NORR performance evaluation

The NORR performance was evaluated in 0.5 M K₂SO₄ electrolyte, using an air-tight H cell. Prior to electrolysis, high-purity Ar was purged into the electrolyte to remove residual oxygen. As shown in Fig. 5a, the linear sweep voltammetry (LSV) curves revealed a significant increase in current density for Pt_NPs/Fe_SAC in 1 vol% NO atmosphere compared to Ar-saturated conditions, confirming effective NO reduction on the catalyst surface. Compare to Fe_SAC, Pt_NPs and NC, the Pt_NPs/Fe_SAC showed the largest current density gap, indicating superior NORR activity (Supplementary Fig. 16).

Fig. 5. Electrochemical NORR performance.

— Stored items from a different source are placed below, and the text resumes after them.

lemma manin_triple_VII0_imp_dual_VII0:
  assumes "manin_triple f_VII0 g"
  obtains p q r s where "g = dual_VII0 p q r s" and "p * s = 0"
proof -
  let ?d = "dbr f_VII0 g"
  have jacobi: "?d u (?d v w) + ?d v (?d w u) + ?d w (?d u v) = 0" for u v w
    using assms unfolding manin_triple_def by blast
  have antisym: "g j i k = - g i j k" for i j k
    by (rule antisym_of_alternating) (simp add: alternating_of_manin_triple[OF assms])
  have diag: "g i i k = 0" for i k
    using antisym[of i i k] by simp
  note g_simps = diag antisym[of 2 1] antisym[of 1 3] antisym[of 3 2]
  have "g 2 3 1 + g 3 1 2 = 0"
    using jacobi[of "(axis 1 1, 0)" "(axis 2 1, 0)" "(0, axis 1 1)"] by (simp add: g_simps VII0_coordinates)
  moreover have "g 2 3 1 - g 3 1 2 = 0 \<and> g 1 2 2 + g 3 1 3 = 0"
    using jacobi[of "(axis 1 1, 0)" "(axis 3 1, 0)" "(0, axis 1 1)"] by (simp add: g_simps VII0_coordinates)
  moreover have "g 3 1 1 + g 2 3 2 = 0"
    using jacobi[of "(axis 1 1, 0)" "(axis 3 1, 0)" "(0, axis 2 1)"] by (simp add: g_simps VII0_coordinates)
  moreover have "g 1 2 1 + g 2 3 3 = 0"
    using jacobi[of "(axis 2 1, 0)" "(axis 3 1, 0)" "(0, axis 1 1)"] by (simp add: g_simps VII0_coordinates)
  ultimately have linear_rels: "g 3 1 1 = - g 2 3 2" "g 1 2 2 = - g 3 1 3" "g 1 2 1 = - g 2 3 3"
      "g 2 3 1 = 0" "g 3 1 2 = 0"
    by linarith+
  have "g 1 2 2 * g 2 3 3 + (g 1 2 3 * g 3 1 1 - g 1 2 3 * g 2 3 2 - g 1 2 1 * g 3 1 3) = 0"
    using jacobi[of "(axis 3 1, 0)" "(0, axis 1 1)" "(0, axis 2 1)"]
    by (simp add: g_simps VII0_coordinates)
  then have "g 2 3 2 * g 1 2 3 = 0"
    unfolding linear_rels by (simp add: algebra_simps)
  moreover have "g = dual_VII0 (g 2 3 2) (g 2 3 3) (g 3 1 3) (g 1 2 3)"
    unfolding fun_eq_iff forall_3 by (simp add: dual_VII0_def sc_of_def g_simps linear_rels)
  ultimately show ?thesis
    using that by blast
qed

a LSV curves of Fe_SAC and Pt_NPs/Fe_SAC in Ar- and 1 vol% NO-saturated 0.5 M K₂SO₄ (pH =7.1, without iR-correction) at scan rate of 10 mV s⁻¹. b NH₃ yield and FE with 1 vol% NO over Pt_NPs/Fe_SAC at each given potential (without iR-correction). c The NH₃ yield of Pt_NPs, NC, Fe_SAC and Pt_NPs/Fe_SAC. d NH₃ yield of Pt_NPs/Fe_SAC under different conditions. e¹H NMR spectra of the electrolyte fed by ¹⁵NO and ¹⁴NO for NORR over the Pt_NPs/Fe_SAC at −0.6 V (without iR-correction). f NORR cycling stability test over the Pt_NPs/Fe_SAC at −0.6 V (without iR-correction). g LSV curves of Pt_NPs/Fe_SAC test in MEA electrolyzer and H cell at scan rate of 10 mV s⁻¹ (without iR-correction). h Corresponding NH₃ yield and FE of Pt_NPs/Fe_SAC (without iR-correction). i Comparison of NORR performance with other electrocatalysts. Error bars indicate the relative standard deviations of the mean (n = 3). Source data are provided as a Source Data file.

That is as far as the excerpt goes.